# TASK DESCRIPTION:
Copy every record exactly as it appears in the data below.

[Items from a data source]
* * * * * * *
text \<open>An oriented line in the plane is a pair (w, c) with w nonzero; the line is
{x. w \<bullet> x = c} and its open positive side is {x. w \<bullet> x > c}.
An arrangement is a list of oriented lines.\<close>
definition oriented_line :: "(real^2) \<times> real \<Rightarrow> bool" where
  "oriented_line l \<longleftrightarrow> fst l \<noteq> 0"

definition off_lines :: "((real^2) \<times> real) list \<Rightarrow> (real^2) set" where
  "off_lines A = {x. \<forall>i<length A. fst (A!i) \<bullet> x \<noteq> snd (A!i)}"

definition pos_count :: "((real^2) \<times> real) list \<Rightarrow> real^2 \<Rightarrow> nat" where
  "pos_count A x = card {i. i < length A \<and> fst (A!i) \<bullet> x > snd (A!i)}"

definition R_plus :: "((real^2) \<times> real) list \<Rightarrow> (real^2) set" where
  "R_plus A = {x \<in> off_lines A. even (pos_count A x)}"

definition R_minus :: "((real^2) \<times> real) list \<Rightarrow> (real^2) set" where
  "R_minus A = {x \<in> off_lines A. odd (pos_count A x)}"

definition bisects :: "((real^2) \<times> real) list \<Rightarrow> (real^2) measure \<Rightarrow> bool" where
  "bisects A \<mu> \<longleftrightarrow> emeasure \<mu> (R_plus A) = emeasure \<mu> (R_minus A)"

end

theory Submission
  imports Defs "HOL-Computational_Algebra.Polynomial"
begin

text \<open>Lift each valuation to the plane along the moment curve \<open>t \<mapsto> (t, t\<^sup>2)\<close>, and add \<open>n\<close>
auxiliary masses, the uniform measures on \<open>[j+1, j+2]\<close> for \<open>j < n\<close>. An arrangement of \<open>n\<close>
lines bisecting all \<open>2n\<close> lifted masses meets the curve in at most \<open>2n\<close> parameters, since a line
meets a parabola at most twice; bisecting an auxiliary mass forces a crossing inside its interval,
so at most \<open>n\<close> crossings lie in \<open>(0, 1)\<close>. Between consecutive crossings the curve stays in one
region, so the parity of the number of positive sides is constant there. Cutting \<open>[0, 1]\<close> at the
crossings and merging neighbouring pieces of equal parity yields at most \<open>n\<close> cuts with
alternating labels, and bisection of a lifted valuation says exactly that both label classes
carry the same mass.\<close>

lemma sets_borel_subset_mass_distribution:
  assumes "mass_distribution \<mu>"
  shows "sets borel \<subseteq> sets \<mu>"
proof -
  have "space \<mu> = UNIV" "\<forall>S. open S \<longrightarrow> S \<in> sets \<mu>"
    using assms by (auto simp: mass_distribution_def)
  then show ?thesis
    unfolding sets_borel by (metis mem_Collect_eq sets.sigma_sets_subset subsetI)
qed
* * * * * * *
# SOLUTION TO THIS EXERCISE:
text \<open>An oriented line in the plane is a pair (w, c) with w nonzero; the line is
{x. w \<bullet> x = c} and its open positive side is {x. w \<bullet> x > c}.
An arrangement is a list of oriented lines.\<close>
definition oriented_line :: "(real^2) \<times> real \<Rightarrow> bool" where
  "oriented_line l \<longleftrightarrow> fst l \<noteq> 0"

definition off_lines :: "((real^2) \<times> real) list \<Rightarrow> (real^2) set" where
  "off_lines A = {x. \<forall>i<length A. fst (A!i) \<bullet> x \<noteq> snd (A!i)}"

definition pos_count :: "((real^2) \<times> real) list \<Rightarrow> real^2 \<Rightarrow> nat" where
  "pos_count A x = card {i. i < length A \<and> fst (A!i) \<bullet> x > snd (A!i)}"

definition R_plus :: "((real^2) \<times> real) list \<Rightarrow> (real^2) set" where
  "R_plus A = {x \<in> off_lines A. even (pos_count A x)}"

definition R_minus :: "((real^2) \<times> real) list \<Rightarrow> (real^2) set" where
  "R_minus A = {x \<in> off_lines A. odd (pos_count A x)}"

definition bisects :: "((real^2) \<times> real) list \<Rightarrow> (real^2) measure \<Rightarrow> bool" where
  "bisects A \<mu> \<longleftrightarrow> emeasure \<mu> (R_plus A) = emeasure \<mu> (R_minus A)"

end

theory Submission
  imports Defs "HOL-Computational_Algebra.Polynomial"
begin

text \<open>Lift each valuation to the plane along the moment curve \<open>t \<mapsto> (t, t\<^sup>2)\<close>, and add \<open>n\<close>
auxiliary masses, the uniform measures on \<open>[j+1, j+2]\<close> for \<open>j < n\<close>. An arrangement of \<open>n\<close>
lines bisecting all \<open>2n\<close> lifted masses meets the curve in at most \<open>2n\<close> parameters, since a line
meets a parabola at most twice; bisecting an auxiliary mass forces a crossing inside its interval,
so at most \<open>n\<close> crossings lie in \<open>(0, 1)\<close>. Between consecutive crossings the curve stays in one
region, so the parity of the number of positive sides is constant there. Cutting \<open>[0, 1]\<close> at the
crossings and merging neighbouring pieces of equal parity yields at most \<open>n\<close> cuts with
alternating labels, and bisection of a lifted valuation says exactly that both label classes
carry the same mass.\<close>

lemma sets_borel_subset_mass_distribution:
  assumes "mass_distribution \<mu>"
  shows "sets borel \<subseteq> sets \<mu>"
proof -
  have "space \<mu> = UNIV" "\<forall>S. open S \<longrightarrow> S \<in> sets \<mu>"
    using assms by (auto simp: mass_distribution_def)
  then show ?thesis
    unfolding sets_borel by (metis mem_Collect_eq sets.sigma_sets_subset subsetI)
qed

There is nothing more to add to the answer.